BLAST FROM THE PAST: LAURA’S BATHROOM LONDON

While we were in London, we stayed at my friend laura’s house. It was a really really cool house, and not lame or kitschy at all. It was really cold, because it was London at the start of winter, and also because the whole living area was just below street level. They had this tv that made everyone look green, and a clean kitchen that I think laura was the only one who cooked in it. One night we stayed there after we had been to a party nearby. The party was…very lame to be honest, full of annoying pretentious type people who talked about very boring things and didn’t wear interesting clothes or be funny or even dance to good music, they played annoying 30’s slapper (flapper) music all night, which ONE song might’ve been passable, but they played it the whole time, and once everyone had their go at doing a very simple version of the charleston with their hands all out and jazzy-like, pulling a hilarious over the top mime happy face, there really were no other moves you could do. Apart from putting on smells like teen spirit and totally bust their groove by moshing drunkenly into them and all their friends. So we weren’t the favourites, to say the least. But that was the high point of the night.
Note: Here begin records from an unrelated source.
(* Let $p\ge1$. Let $U$, $V$ be discrete random variables taking values in a common finite set $\mathcal{U}$, and $W$ a discrete random variable taking values in a finite set $\mathcal{W}$, all on a common probability space, such that $\|u-u'\|_p=\sqrt[p]{2}$ for distinct $u,u'\in\mathcal{U}$ and $\|w-w'\|_p=\sqrt[p]{2}$ for distinct $w,w'\in\mathcal{W}$ (and $0$ for equal points). Equip pairs with the ground metric $\|(u,w)-(u',w')\|_p=\left(\|u-u'\|_p^p+\|w-w'\|_p^p\right)^{1/p}$. Then, with $W_1$ the 1-Wasserstein distance, $$W_1(p(U,W),p(U)p(W))=\sum_{w}W_1(p(U\mid W=w),p(U))\,\mathbb{P}(W=w),$$ $$W_1(p(U,W),p(V,W))=\sum_{w}W_1(p(U\mid W=w),p(V\mid W=w))\,\mathbb{P}(W=w),$$ $$W_1(p(U)p(W),p(V)p(W))=\sum_{w}W_1(p(U),p(V))\,\mathbb{P}(W=w).$$
   Context: $p(U,W)$ denotes the joint law, $p(U)p(W)$ the product of marginal laws, and $p(U\mid W=w)$ the conditional law. *)

theory Defs
  imports "HOL-Probability.Probability"
begin

definition lpdist :: "real \<Rightarrow> real ^ 'n \<Rightarrow> real ^ 'n \<Rightarrow> real" where
  "lpdist p x y = (\<Sum>i\<in>UNIV. \<bar>x $ i - y $ i\<bar> powr p) powr (1 / p)"

definition pair_lpdist :: "real \<Rightarrow> ((real ^ 'n) \<times> (real ^ 'm)) \<Rightarrow> ((real ^ 'n) \<times> (real ^ 'm)) \<Rightarrow> real" where
  "pair_lpdist p a b = (lpdist p (fst a) (fst b) powr p + lpdist p (snd a) (snd b) powr p) powr (1 / p)"

definition couplings :: "'a pmf \<Rightarrow> 'b pmf \<Rightarrow> ('a \<times> 'b) pmf set" where
  "couplings \<mu> \<nu> = {\<pi>. map_pmf fst \<pi> = \<mu> \<and> map_pmf snd \<pi> = \<nu>}"

definition wasserstein1 :: "('a \<Rightarrow> 'a \<Rightarrow> real) \<Rightarrow> 'a pmf \<Rightarrow> 'a pmf \<Rightarrow> real" where
  "wasserstein1 d \<mu> \<nu> = (INF \<pi>\<in>couplings \<mu> \<nu>. measure_pmf.expectation \<pi> (\<lambda>(x, y). d x y))"

end

(*
  If a ground metric takes a single value c between distinct points of a finite set, then W1 is
  c times the total variation distance: a coupling of mu and nu can keep at most
  min (mu x) (nu x) on the diagonal at x, and a maximal coupling keeps exactly that.  The pair
  metric on U x W equals c = 2 powr (1/p) between distinct points with the same w-coordinate
  and is larger otherwise; when the two laws have the same w-marginal, the excess mass can be
  transported within the fibres {w = const}, so W1 is again c times the total variation.  In
  each of the three identities both laws disintegrate as P(W = w) times a law on U, and the
  total variation on U x W splits into the P(W = w)-weighted sum of total variations on U.
*)

theory Submission
  imports Defs
begin

text \<open>For probability mass functions supported in S this is the total variation distance.\<close>
definition total_variation_on :: "'a set \<Rightarrow> ('a \<Rightarrow> real) \<Rightarrow> ('a \<Rightarrow> real) \<Rightarrow> real" where
  "total_variation_on S f g = (\<Sum>x\<in>S. f x - min (f x) (g x))"
(* Fix $d\in\mathbb{N}_+$, $\ell>0$, $\nu>1/2$, and let $k:\mathbb{S}^d\times\mathbb{S}^d\to\mathbb{R}$ be the Matérn kernel $k(\bm{x},\tilde{\bm{x}})=\frac{2^{1-\nu}}{\Gamma(\nu)}\big(\frac{\sqrt{2\nu}\|\bm{x}-\tilde{\bm{x}}\|_2}{\ell}\big)^{\nu}K_\nu\big(\frac{\sqrt{2\nu}\|\bm{x}-\tilde{\bm{x}}\|_2}{\ell}\big)$, written as $k(\bm{x},\tilde{\bm{x}})=\tilde{k}(\bm{x}^\top\tilde{\bm{x}})$ for a continuous $\tilde{k}:[-1,1]\to\mathbb{R}$. Then for every integer $m>2\nu$, the eigenvalue $$\lambda_m=|\mathbb{S}^{d-1}|\int_{-1}^1P_{m,d+1}(t)\tilde{k}(t)(1-t^2)^{\frac{d-2}{2}}\,\mathrm{d}t$$ satisfies $$\lambda_m\le\frac{\tilde{C}_{d,\nu}}{\ell^{2\nu}}m^{-2\nu-d},\qquad \tilde{C}_{d,\nu}=C_{d,\nu}\frac{\Gamma(2\nu+d)}{\Gamma^2(\nu+\frac{d+1}{2})}\exp\Big(2\nu+d+\frac16\Big),\quad C_{d,\nu}=\frac{2^{d+1}\pi^{(d+1)/2}\Gamma(\nu+\frac{d+1}{2})(2\nu)^\nu}{\Gamma(\nu)}.$$
   Context: $\mathbb{S}^d=\{\bm{x}\in\mathbb{R}^{d+1}:\|\bm{x}\|_2=1\}$; $|\mathbb{S}^{d-1}|=2\pi^{d/2}/\Gamma(d/2)$; $K_\nu$ is the modified Bessel function of the second kind. $P_{m,d+1}$ is the Legendre polynomial of degree $m$ in $d+1$ dimensions: $P_{m,d+1}(t)=m!\,\Gamma(\frac d2)\sum_{k=0}^{\lfloor m/2\rfloor}(-1)^k\frac{(1-t^2)^kt^{m-2k}}{4^kk!(m-2k)!\Gamma(k+\frac d2)}$. Since $\|\bm{x}-\tilde{\bm{x}}\|_2=\sqrt{2-2\bm{x}^\top\tilde{\bm{x}}}$ on the sphere, $\tilde{k}$ exists. *)

theory Defs
  imports "HOL-Analysis.Analysis"
begin
(* Let $\Gamma=(\gamma_n)_{n\ge1}$ be distinct complex numbers with $\inf_n|\gamma_{n+1}|/|\gamma_n|>1$, and let $v=(v_n)$ be positive numbers with $\sum_nv_n<\infty$. If $\mu$ is a nonnegative measure on $\mathbb{C}$ with $\mu(\Gamma)=0$, then $H_{(\Gamma,v)}$ is bounded from $\ell^2_v$ to $L^2(\mathbb{C},\mu)$ if and only if \[ \sup_{n\ge1}\int_{\mathbb{C}}\frac{v_n\,d\mu(z)}{|z-\gamma_n|^2}<\infty. \]
   Context: $\ell^2_v=\{(a_n):\sum|a_n|^2v_n<\infty\}$; for $z\in\mathbb{C}\setminus\Gamma$, $H_{(\Gamma,v)}a(z)=\sum_na_nv_n/(z-\gamma_n)$. *)

theory Defs
  imports "HOL-Analysis.Analysis"
begin

definition weighted_l2 :: "(nat \<Rightarrow> real) \<Rightarrow> (nat \<Rightarrow> complex) set" where
  "weighted_l2 v = {a. summable (\<lambda>n. (cmod (a n))\<^sup>2 * v n)}"

definition H_op :: "(nat \<Rightarrow> complex) \<Rightarrow> (nat \<Rightarrow> real) \<Rightarrow> (nat \<Rightarrow> complex) \<Rightarrow> complex \<Rightarrow> complex" where
  "H_op \<gamma> v a z = (\<Sum>n. a n * complex_of_real (v n) / (z - \<gamma> n))"

definition H_bounded :: "(nat \<Rightarrow> complex) \<Rightarrow> (nat \<Rightarrow> real) \<Rightarrow> complex measure \<Rightarrow> bool" where
  "H_bounded \<gamma> v \<mu> \<longleftrightarrow> (\<exists>C::real. \<forall>a\<in>weighted_l2 v.
      H_op \<gamma> v a \<in> borel_measurable \<mu> \<and>
      (\<integral>\<^sup>+ z. ennreal ((cmod (H_op \<gamma> v a z))\<^sup>2) \<partial>\<mu>)
        \<le> ennreal (C * (\<Sum>n. (cmod (a n))\<^sup>2 * v n)))"

end

theory Submission
  imports Defs
begin

text \<open>
  Test functions give necessity: applying \<open>H\<close> to the \<open>n\<close>-th unit vector yields
  \<open>v\<^sub>n / (z - \<gamma>\<^sub>n)\<close>, whose squared \<open>L\<^sup>2(\<mu>)\<close> norm is \<open>v\<^sub>n\<close> times the \<open>n\<close>-th kernel integral.
  For sufficiency fix \<open>z \<notin> \<Gamma>\<close>, put \<open>u\<^sub>n = v\<^sub>n / \<bar>z - \<gamma>\<^sub>n\<bar>\<^sup>2\<close> and \<open>D = 16 / \<bar>z - \<gamma>\<^sub>0\<bar>\<^sup>2\<close>, and apply
  Cauchy--Schwarz with the weights \<open>u\<^sub>n + D\<close>:
  \<open>\<bar>H a z\<bar>\<^sup>2 \<le> (\<Sum> \<bar>a\<^sub>n\<bar>\<^sup>2 v\<^sub>n (u\<^sub>n + D)) (\<Sum> u\<^sub>n / (u\<^sub>n + D))\<close>.
  If \<open>\<gamma>\<^sub>n\<close> is at distance at least \<open>\<bar>z - \<gamma>\<^sub>0\<bar>/4\<close> from \<open>z\<close> then \<open>u\<^sub>n \<le> v\<^sub>n D\<close>; all other \<open>\<gamma>\<^sub>n\<close> lie in an
  annulus \<open>\<alpha> \<le> \<bar>w\<bar> \<le> 3\<alpha>\<close>, which by lacunarity contains at most \<open>L\<close> of them for a fixed \<open>L\<close>.
  Hence the second factor is at most \<open>\<Sum> v\<^sub>n + L\<close> uniformly in \<open>z\<close>, and integrating the first factor
  term by term costs only the kernel integrals of index \<open>n\<close> and \<open>0\<close>.
\<close>

lemma geometric_growth:
  fixes r :: "nat \<Rightarrow> real"
  assumes step: "\<And>n. q * r n \<le> r (Suc n)" and "0 \<le> q"
  shows "q ^ k * r m \<le> r (m + k)"
proof (induction k)
  case (Suc k)
  have "q ^ Suc k * r m = q * (q ^ k * r m)" by simp
  also have "\<dots> \<le> q * r (m + k)" using Suc \<open>0 \<le> q\<close> by (rule mult_left_mono)
  also have "\<dots> \<le> r (m + Suc k)" using step[of "m + k"] by simp
  finally show ?case .
qed simp

lemma geometric_growth_annulus:
  fixes r :: "nat \<Rightarrow> real"
  assumes q: "1 < q" and step: "\<And>n. q * r n \<le> r (Suc n)"
    and L: "3 < q ^ L" and \<alpha>: "0 < \<alpha>"
  shows "finite {n. \<alpha> \<le> r n \<and> r n \<le> 3 * \<alpha>}" "card {n. \<alpha> \<le> r n \<and> r n \<le> 3 * \<alpha>} \<le> L"
proof -
  define A where "A = {n. \<alpha> \<le> r n \<and> r n \<le> 3 * \<alpha>}"
  have "finite A \<and> card A \<le> L"
  proof (cases "A = {}")
    case False
    define m where "m = (LEAST n. n \<in> A)"
    have "m \<in> A" using False unfolding m_def by (metis LeastI ex_in_conv)
    have "A \<subseteq> {m..<m + L}"
    proof
      fix n assume "n \<in> A"
      have "m \<le> n" using \<open>n \<in> A\<close> unfolding m_def by (rule Least_le)
      moreover have "n < m + L"
      proof (rule ccontr)
        assume "\<not> n < m + L"
        then have "q ^ L \<le> q ^ (n - m)" using q by (intro power_increasing) auto
        have "\<alpha> \<le> r m" using \<open>m \<in> A\<close> unfolding A_def by simp
        have "3 * \<alpha> < q ^ L * \<alpha>" using L \<alpha> by simp
        also have "\<dots> \<le> q ^ L * r m" using \<open>\<alpha> \<le> r m\<close> L by simp
        also have "\<dots> \<le> q ^ (n - m) * r m"
          using \<open>q ^ L \<le> q ^ (n - m)\<close> \<open>\<alpha> \<le> r m\<close> \<alpha> by (intro mult_right_mono) auto
        also have "\<dots> \<le> r n"
          using geometric_growth[where q = q and r = r and k = "n - m" and m = m] step q \<open>m \<le> n\<close> by simp
        finally show False using \<open>n \<in> A\<close> unfolding A_def by simp
      qed
      ultimately show "n \<in> {m..<m + L}" by simp
    qed
    then show ?thesis using finite_subset card_mono[of "{m..<m + L}" A] by auto
  qed simp
  then show "finite {n. \<alpha> \<le> r n \<and> r n \<le> 3 * \<alpha>}" "card {n. \<alpha> \<le> r n \<and> r n \<le> 3 * \<alpha>} \<le> L"
    unfolding A_def by auto
qed

lemma norm_sum_squared_le:
  fixes x :: "'i \<Rightarrow> 'a::real_normed_vector"
  assumes "\<And>i. i \<in> A \<Longrightarrow> (norm (x i))\<^sup>2 \<le> P i * Q i"
    and "\<And>i. i \<in> A \<Longrightarrow> 0 \<le> P i" and "\<And>i. i \<in> A \<Longrightarrow> 0 \<le> Q i"
  shows "(norm (sum x A))\<^sup>2 \<le> sum P A * sum Q A"
proof -
  have "norm (x i) \<le> sqrt (P i) * sqrt (Q i)" if "i \<in> A" for i
    using assms[OF that] by (metis real_le_rsqrt real_sqrt_mult)
  then have "norm (sum x A) \<le> (\<Sum>i\<in>A. sqrt (P i) * sqrt (Q i))"
    using norm_sum[of x A] sum_mono[of A "\<lambda>i. norm (x i)"] by (meson order_trans)
  then have "(norm (sum x A))\<^sup>2 \<le> (\<Sum>i\<in>A. sqrt (P i) * sqrt (Q i))\<^sup>2"
    by (simp add: power_mono)
  also have "\<dots> \<le> (\<Sum>i\<in>A. (sqrt (P i))\<^sup>2) * (\<Sum>i\<in>A. (sqrt (Q i))\<^sup>2)"
    by (rule Cauchy_Schwarz_ineq_sum)
  also have "\<dots> = sum P A * sum Q A" using assms(2,3) by simp
  finally show ?thesis .
qed

lemma norm_in_annulus_if_close:
  fixes z w c :: complex
  assumes "cmod c \<le> cmod w" and "cmod (z - w) < cmod (z - c) / 4"
  shows "max (cmod c) (cmod z / 2) \<le> cmod w \<and> cmod w \<le> 3 * max (cmod c) (cmod z / 2)"
proof -
  have "cmod z - cmod (z - w) \<le> cmod w" "cmod w \<le> cmod z + cmod (z - w)"
    using norm_triangle_ineq2[of z w] norm_triangle_ineq2[of w z] norm_minus_commute[of w z]
    by linarith+
  moreover have "cmod (z - c) \<le> cmod z + cmod c" by (rule norm_triangle_ineq4)
  ultimately show ?thesis using assms by (auto simp: max_def)
qed

lemma borel_measurable_if_sets_borel:
  assumes "sets M = sets borel" and "f \<in> borel_measurable borel"
  shows "f \<in> borel_measurable M"
  using assms(2) measurable_cong_sets[OF assms(1) refl] by blast
lemma pd_Dop:
  assumes f: "schwartz f"
  shows "pd \<mu> (Dop E \<nu> f) p = 1 / complex_of_real (sqrt 2) * (- \<i> * pd \<mu> (pd \<nu> f) p
      + complex_of_real (Ex E \<nu> (basis_vec \<mu>)) * f p + complex_of_real (Ex E \<nu> p) * pd \<mu> f p)"
proof -
  obtain U where U: "(pd \<nu> f has_derivative U) (at p)"
    using schwartz_differentiable[OF schwartz_pd[OF f]] unfolding differentiable_def by blast
  obtain V where V: "(f has_derivative V) (at p)"
    using schwartz_differentiable[OF f] unfolding differentiable_def by blast
  have "(Dop E \<nu> f has_derivative (\<lambda>h. 1 / complex_of_real (sqrt 2) * (- \<i> * U h
      + (complex_of_real (Ex E \<nu> p) * V h + complex_of_real (Ex E \<nu> h) * f p)))) (at p)"
    unfolding Dop_def[abs_def]
    by (intro has_derivative_mult_right has_derivative_add has_derivative_mult U V
        has_derivative_of_real has_derivative_Ex)
  from pd_eq_derivative[OF this, of \<mu>] pd_eq_derivative[OF U, of \<mu>] pd_eq_derivative[OF V, of \<mu>]
  show ?thesis by (simp add: algebra_simps)
qed

lemma Dop_Dop:
  assumes f: "schwartz f"
  shows "Dop E \<mu> (Dop E \<mu> f) x = (- pd \<mu> (pd \<mu> f) x
      - 2 * \<i> * complex_of_real (Ex E \<mu> x) * pd \<mu> f x + complex_of_real ((Ex E \<mu> x)\<^sup>2) * f x) / 2"
proof -
  define s where "s = 1 / complex_of_real (sqrt 2)"
  define a where "a = complex_of_real (Ex E \<mu> x)"
  have s2: "s * s = 1 / 2"
    by (simp add: s_def flip: of_real_mult)
  have "Dop E \<mu> (Dop E \<mu> f) x
      = s * (- \<i> * (s * (- \<i> * pd \<mu> (pd \<mu> f) x + a * pd \<mu> f x)) + a * (s * (- \<i> * pd \<mu> f x + a * f x)))"
    unfolding Dop_def[of E \<mu> "Dop E \<mu> f"] pd_Dop[OF f] Ex_basis_vec_self
    by (simp add: Dop_def s_def a_def)
  also have "\<dots> = s * s * (- pd \<mu> (pd \<mu> f) x - 2 * \<i> * a * pd \<mu> f x + a\<^sup>2 * f x)"
    by (simp add: algebra_simps power2_eq_square)
  finally show ?thesis
    unfolding s2 a_def by simp
qed

lemma Dsq_eq:
  assumes f: "schwartz f"
  shows "Dsq E f x = (pd 1 (pd 1 f) x - pd 0 (pd 0 f) x) / 2
      - \<i> * complex_of_real E * (complex_of_real (snd x) * pd 0 f x + complex_of_real (fst x) * pd 1 f x)
      + complex_of_real (E\<^sup>2 * ((snd x)\<^sup>2 - (fst x)\<^sup>2) / 2) * f x"
proof -
  have "Dsq E f x = Dop E 0 (Dop E 0 f) x - Dop E 1 (Dop E 1 f) x"
    by (simp add: Dsq_def eta_def numeral_2_eq_2)
  also have "\<dots> = (pd 1 (pd 1 f) x - pd 0 (pd 0 f) x) / 2
      - \<i> * complex_of_real E * (complex_of_real (snd x) * pd 0 f x + complex_of_real (fst x) * pd 1 f x)
      + complex_of_real (E\<^sup>2 * ((snd x)\<^sup>2 - (fst x)\<^sup>2) / 2) * f x"
    unfolding Dop_Dop[OF f] Ex_0 Ex_1 by (simp add: field_simps power2_eq_square)
  finally show ?thesis .
qed

lemma E2_Hpoly_shift_FT:
  assumes f: "schwartz f" and E: "E \<noteq> 0" and \<theta>: "\<theta> = 2 / E"
  shows "complex_of_real (E\<^sup>2) * Hpoly (x + shiftv \<theta> p) * FT f p
    = (FT (pd 1 (pd 1 f)) p - FT (pd 0 (pd 0 f)) p) / 2
      - \<i> * complex_of_real E * (complex_of_real (snd x) * FT (pd 0 f) p + complex_of_real (fst x) * FT (pd 1 f) p)
      + complex_of_real (E\<^sup>2 * ((snd x)\<^sup>2 - (fst x)\<^sup>2) / 2) * FT f p"
proof -
  have "E\<^sup>2 * (((snd (x + shiftv \<theta> p))\<^sup>2 - (fst (x + shiftv \<theta> p))\<^sup>2) / 2)
      = ((fst p)\<^sup>2 - (snd p)\<^sup>2) / 2 + E * (snd x * fst p - fst x * snd p)
        + E\<^sup>2 * ((snd x)\<^sup>2 - (fst x)\<^sup>2) / 2"
    using E unfolding \<theta> shiftv_eq by (simp add: field_simps power2_eq_square)
  then have H: "complex_of_real (E\<^sup>2) * Hpoly (x + shiftv \<theta> p) = complex_of_real (((fst p)\<^sup>2 - (snd p)\<^sup>2) / 2
      + E * (snd x * fst p - fst x * snd p) + E\<^sup>2 * ((snd x)\<^sup>2 - (fst x)\<^sup>2) / 2)"
    unfolding Hpoly_def of_real_mult[symmetric] by (rule arg_cong)
  show ?thesis
    unfolding H FT_pd_pd[OF f] FT_pd[OF f] mdot_basis_vec by (simp add: algebra_simps power2_eq_square)
qed

lemma E2_star_poly_left_Hpoly:
  assumes f: "schwartz f" and E: "E \<noteq> 0" and \<theta>: "\<theta> = 2 / E"
  shows "complex_of_real (E\<^sup>2) * star_poly_left \<theta> Hpoly f x = (pd 1 (pd 1 f) x - pd 0 (pd 0 f) x) / 2
      - \<i> * complex_of_real E * (complex_of_real (snd x) * pd 0 f x + complex_of_real (fst x) * pd 1 f x)
      + complex_of_real (E\<^sup>2 * ((snd x)\<^sup>2 - (fst x)\<^sup>2) / 2) * f x"
proof -
  define D where "D v = (v (pd 1 (pd 1 f)) - v (pd 0 (pd 0 f))) / 2
      - \<i> * complex_of_real E * (complex_of_real (snd x) * v (pd 0 f) + complex_of_real (fst x) * v (pd 1 f))
      + complex_of_real (E\<^sup>2 * ((snd x)\<^sup>2 - (fst x)\<^sup>2) / 2) * v f"
    for v :: "(real \<times> real \<Rightarrow> complex) \<Rightarrow> complex"
  define c where "c = complex_of_real (1 / (2 * pi))"
  define T where "T h p = c * plane_wave p x * FT h p" for h p
  have s: "schwartz (pd 0 f)" "schwartz (pd 1 f)" "schwartz (pd 0 (pd 0 f))" "schwartz (pd 1 (pd 1 f))"
    using f by (auto intro: schwartz_pd)
  have T: "has_bochner_integral lborel (T h) (h x)" if "schwartz h" for h
  proof -
    have "has_bochner_integral lborel (\<lambda>p. FT h p * plane_wave p x) (\<integral>p. FT h p * plane_wave p x \<partial>lborel)"
      by (rule has_bochner_integral_integrable[OF integrable_FT_plane_wave[OF that]])
    from has_bochner_integral_mult_right[of c, OF this]
    show ?thesis
      unfolding c_def fourier_inversion[OF that] T_def[abs_def] by (simp only: mult_ac)
  qed
  have "has_bochner_integral lborel (\<lambda>p. D (\<lambda>h. T h p)) (D (\<lambda>h. h x))"
    unfolding D_def using T[OF f] T[OF s(1)] T[OF s(2)] T[OF s(3)] T[OF s(4)]
    by (intro has_bochner_integral_add has_bochner_integral_diff has_bochner_integral_divide_zero
        has_bochner_integral_mult_right)
  moreover have "D (\<lambda>h. T h p) = complex_of_real (E\<^sup>2) *
      (c * (FT f p * Hpoly (x + shiftv \<theta> p) * exp (\<i> * complex_of_real (mdot p x))))" for p
  proof -
    have "D (\<lambda>h. a * v h) = a * D v" for a v
      unfolding D_def by (simp add: algebra_simps)
    then have "D (\<lambda>h. T h p) = c * plane_wave p x * D (\<lambda>h. FT h p)"
      unfolding T_def .
    also have "D (\<lambda>h. FT h p) = complex_of_real (E\<^sup>2) * Hpoly (x + shiftv \<theta> p) * FT f p"
      unfolding D_def E2_Hpoly_shift_FT[OF f E \<theta>] ..
    finally show ?thesis
      by (simp add: plane_wave_def mult_ac)
  qed
  ultimately have "has_bochner_integral lborel (\<lambda>p. complex_of_real (E\<^sup>2) *
      (c * (FT f p * Hpoly (x + shiftv \<theta> p) * exp (\<i> * complex_of_real (mdot p x))))) (D (\<lambda>h. h x))"
    by simp
  from has_bochner_integral_integral_eq[OF this]
  show ?thesis
    by (simp add: star_poly_left_def c_def D_def)
qed

lemma Dtsq_eq_Dsq_uminus: "Dtsq E f = Dsq (- E) f"
proof -
  have "Dtop E \<mu> g = Dop (- E) \<mu> g" for \<mu> g
    by (rule ext) (simp add: Dtop_def Dop_def Ex_def sum_negf)
  then show ?thesis
    unfolding Dtsq_def[abs_def] Dsq_def[abs_def] by simp
qed

lemma star_poly_right_eq_left: "star_poly_right \<theta> f P = star_poly_left (- \<theta>) P f"
proof -
  have "x - shiftv \<theta> k = x + shiftv (- \<theta>) k" for x k
    by (simp add: shiftv_eq)
  then show ?thesis
    unfolding star_poly_right_def[abs_def] star_poly_left_def[abs_def] by (simp only:)
qed

theorem lemma1:
  fixes E \<theta> :: real and f :: "real \<times> real \<Rightarrow> complex"
  assumes "E \<noteq> 0" and "\<theta> = 2 / E" and "schwartz f"
  shows "Dsq E f = (\<lambda>x. complex_of_real (E ^ 2) * star_poly_left \<theta> Hpoly f x)
       \<and> Dtsq E f = (\<lambda>x. complex_of_real (E ^ 2) * star_poly_right \<theta> f Hpoly x)"
proof
  have left: "Dsq E' f = (\<lambda>x. complex_of_real (E' ^ 2) * star_poly_left (2 / E') Hpoly f x)"
    if "E' \<noteq> 0" for E'
    using Dsq_eq[OF assms(3)] E2_star_poly_left_Hpoly[OF assms(3) that refl] by auto
  show "Dsq E f = (\<lambda>x. complex_of_real (E ^ 2) * star_poly_left \<theta> Hpoly f x)"
    using left[OF assms(1)] assms(2) by simp
  show "Dtsq E f = (\<lambda>x. complex_of_real (E ^ 2) * star_poly_right \<theta> f Hpoly x)"
    using left[of "- E"] assms(1,2) by (simp add: Dtsq_eq_Dsq_uminus star_poly_right_eq_left)
qed

end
So anyway, we had to stay there, we’ll we certainly didn’t HAVE to, but laura was kind enough to offer since we were about five hundred thousand miles from where we were living. And in the morning, after three hours sleep, after nine bottles of wine, after a massive screaming match with Sam, after talking to too many annoying people, after sleeping in an ice chamber, after spewing in their toilet, after begging god to no avail to take me away from this hellish place, Sam and I had to get up and go have breakfast at the crack of dawn with his parents and his brother and his brother’s girlfriend. Who are, incidentally, all amazing people. But who all were, incidentally, on my list containing every other person on the planet, of people whose eyes I did not want to have to look into over a mediocre London vomit-fest excuse for a fuckin breakfast.

So I get to have a shower though. Well, not so much get to have one, as slunk into the shower to try and humanise myself as quickly as possible before anyone else has woken up. So the shower is at the top top floor of this house, I think there were four floors maybe. And it’s got this dodgy looking glass door. And when I opened this door, the door opened up into the actual shower, like the shower room was the shower, and the floor was slightly concave with a drain in the middle of it. And a toilet. And a window right beside the shower that won’t close, and is wide open. Over the whole grey windy freezing city. And the shower is four piddling dribbles, that barely coat my left shoulder blade. And the main door to the shower room keeps blowing open. And there’s no towels left in there for me to use. So I have to use my shirt. And even though my friend laura use to be a hairdresser, there are no nice hair products, and no hairdryer. And all my clothes got wet off the floor. And then to exacerbate the hollow depression of the whole experience I went and waited for the bus outside on a Sunday morning and there was no souls around just me and this bleak bleak morning and I listened to Elliott smith sing 2.45am, and hear him tell about splitting things back in two.

So that was an awful awful bathroom. That has been my only bathroom so far to get no stars whatsoever.